* [Task directions] Go through the data below and gather each line containing "auto".

(Collected data)
::::

lemma coord_sup_nonneg: "0 \<le> coord_sup x"
  using coord_le_coord_sup coord_nonneg order_trans by blast

lemma coord_sup_add_le: "coord_sup (x + y) \<le> coord_sup x + coord_sup y"
  by (rule coord_sup_least) (meson coord_le_coord_sup add_mono order_trans coord_add_le)

lemma coord_sup_scaleR: "coord_sup (c *\<^sub>R x) = \<bar>c\<bar> * coord_sup x"
  by (rule abs_homogeneous_if_le, rule coord_sup_least)
     (simp add: coord_scaleR coord_le_coord_sup mult_left_mono)

lemma N_add_le: "N (x + y) \<le> N x + N y"
  unfolding N_def using infdist_subspace_add_le[OF subspace_Y, of x y] coord_sup_add_le[of x y]
  by (simp add: max_def)

lemma N_scaleR: "N (c *\<^sub>R x) = \<bar>c\<bar> * N x"
  unfolding N_def by (simp add: infdist_subspace_scaleR[OF subspace_Y] coord_sup_scaleR max_mult_distrib_left)

lemma N_le_norm: "N x \<le> (1 + 1/\<delta>) * norm x"
proof -
  have "0 \<le> norm x / \<delta>" using \<delta>_pos by simp
  then have "infdist x Y \<le> norm x + norm x / \<delta>" "coord_sup x \<le> norm x + norm x / \<delta>"
    using infdist_subspace_le_norm[OF subspace_Y, of x] coord_sup_least[OF coord_le_norm, of x]
      norm_ge_zero[of x] by linarith+
  then show ?thesis unfolding N_def by (simp add: algebra_simps)
qed

lemma norm_le_N: "norm x \<le> (1 + M + M/\<delta>) * N x"
proof -
  have K: "0 < 1 + M/\<delta>" using M_pos \<delta>_pos by (simp add: add_pos_nonneg)
  have bound: "norm x - M * coord_sup x \<le> (1 + M/\<delta>) * dist x u" if "u \<in> Y" for u
  proof -
    obtain f where f: "f \<in> c0" "u = T f" using \<open>u \<in> Y\<close> unfolding Y_def by auto
    have "supnorm f \<le> coord_sup x + dist x u / \<delta>"
    proof (rule supnorm_least)
      fix a
      have "\<bar>f a\<bar> = coord a (x + (u - x))" using coord_T[OF f(1)] f(2) by simp
      also have "\<dots> \<le> coord a x + coord a (u - x)" by (rule coord_add_le)
      also have "\<dots> \<le> coord_sup x + dist x u / \<delta>"
        using coord_le_coord_sup[of a x] coord_le_norm[of a "u - x"]
        by (simp add: dist_norm norm_minus_commute)
      finally show "\<bar>f a\<bar> \<le> coord_sup x + dist x u / \<delta>" .
    qed
    have "norm x \<le> dist x u + norm u" using norm_triangle_sub[of x u] by (simp add: dist_norm)
    also have "\<dots> \<le> dist x u + M * (coord_sup x + dist x u / \<delta>)"
      using norm_T_le[OF f(1)] mult_left_mono[OF \<open>supnorm f \<le> _\<close> less_imp_le[OF M_pos]] f(2)
      by simp
    finally show ?thesis by (simp add: algebra_simps)
  qed
  have "(norm x - M * coord_sup x) / (1 + M/\<delta>) \<le> infdist x Y"
    using bound K by (intro infdist_greatest[OF subspace_nonempty[OF subspace_Y]])
      (simp add: pos_divide_le_eq mult.commute)
  then have "norm x \<le> (1 + M/\<delta>) * infdist x Y + M * coord_sup x"
    using K by (simp add: divide_le_eq mult.commute)
  also have "\<dots> \<le> (1 + M/\<delta>) * N x + M * N x"
    unfolding N_def using K M_pos by (intro add_mono mult_left_mono) auto
  finally show ?thesis by (simp add: algebra_simps)
qed

lemma equiv_norm_N: "equiv_norm N"
  unfolding equiv_norm_def
proof (intro conjI allI)
  have K: "0 < 1 + M + M/\<delta>" using M_pos \<delta>_pos by (simp add: add_pos_pos)
  fix x y :: 'a and c :: real
  show "0 \<le> N x" unfolding N_def using coord_sup_nonneg[of x] by simp
  show "N x = 0 \<longleftrightarrow> x = 0" using norm_le_N[of x] N_scaleR[of 0 0] K by auto
  show "N (x + y) \<le> N x + N y" by (rule N_add_le)
  show "N (c *\<^sub>R x) = \<bar>c\<bar> * N x" by (rule N_scaleR)
  show "\<exists>m M. 0 < m \<and> (\<forall>x. m * norm x \<le> N x \<and> N x \<le> M * norm x)"
  proof (rule exI, rule exI)
    show "0 < 1 / (1 + M + M/\<delta>) \<and>
        (\<forall>x. 1 / (1 + M + M/\<delta>) * norm x \<le> N x \<and> N x \<le> (1 + 1/\<delta>) * norm x)"
      using norm_le_N N_le_norm K by (simp add: field_simps)
  qed
qed

lemma N_basis: "N (basis a) = 1"
proof -
  have "coord_sup (basis a) = 1"
    using coord_le_coord_sup[of a "basis a"] coord_sup_least[of "basis a" 1] by (simp add: coord_basis)
  then show ?thesis unfolding N_def using basis_in_Y by simp
qed

lemma N_add_basis_le:
  assumes x: "x \<in> closure (W a)" "N x \<le> 1" and c: "\<bar>c\<bar> \<le> 1"
  shows "N (x + c *\<^sub>R basis a) \<le> 1"
proof -
  have "infdist (x + c *\<^sub>R basis a) Y \<le> 1"
    using infdist_subspace_add_mem[OF subspace_Y] subspace_scale[OF subspace_Y basis_in_Y] x(2)
    unfolding N_def by simp
  moreover have "coord_sup (x + c *\<^sub>R basis a) \<le> 1"
  proof (rule coord_sup_least)
    fix b
    have "coord b (x + c *\<^sub>R basis a) \<le> coord b x + \<bar>c\<bar> * coord b (basis a)"
      using coord_add_le coord_scaleR by metis
    also have "\<dots> \<le> 1"
      using coord_closure_W[OF x(1)] coord_le_coord_sup[of b x] x(2) c unfolding N_def
      by (auto simp: coord_basis)
    finally show "coord b (x + c *\<^sub>R basis a) \<le> 1" .
  qed
  ultimately show ?thesis unfolding N_def by simp
qed

end

locale c0_dense_enumeration = c0_embedding T m M for T :: "('k \<Rightarrow> real) \<Rightarrow> 'a::real_normed_vector" and m M +
  fixes r :: "'k rel" and g :: "'k \<Rightarrow> 'a"
  assumes card_order: "card_order r" and uncountable_cf: "uncountable_cf r"
begin

definition G :: "'k \<Rightarrow> 'a set" where
  "G \<gamma> = g ` underS r \<gamma>"

definition good :: "'k \<Rightarrow> 'k \<Rightarrow> bool" where
  "good a \<gamma> \<longleftrightarrow> m/8 \<le> infdist (basis a) (span (G \<gamma> \<union> Y_ker a))"

definition W :: "'k \<Rightarrow> 'a set" where
  "W a = span (\<Union> (G ` {\<gamma>. good a \<gamma>}) \<union> Y_ker a)"

lemma G_mono: "(\<gamma>, \<gamma>') \<in> r \<Longrightarrow> G \<gamma> \<subseteq> G \<gamma>'"
  unfolding G_def by (intro image_mono card_order_underS_mono[OF card_order])

lemma card_G_less: "|G \<gamma>| <o |UNIV :: 'k set|"
  unfolding G_def using card_of_image card_underS_less[OF card_order] by (rule ordLeq_ordLess_trans)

::::

* [Result]
    obtain f where f: "f \<in> c0" "u = T f" using \<open>u \<in> Y\<close> unfolding Y_def by auto
    unfolding N_def using K M_pos by (intro add_mono mult_left_mono) auto
  show "N x = 0 \<longleftrightarrow> x = 0" using norm_le_N[of x] N_scaleR[of 0 0] K by auto
      by (auto simp: coord_basis)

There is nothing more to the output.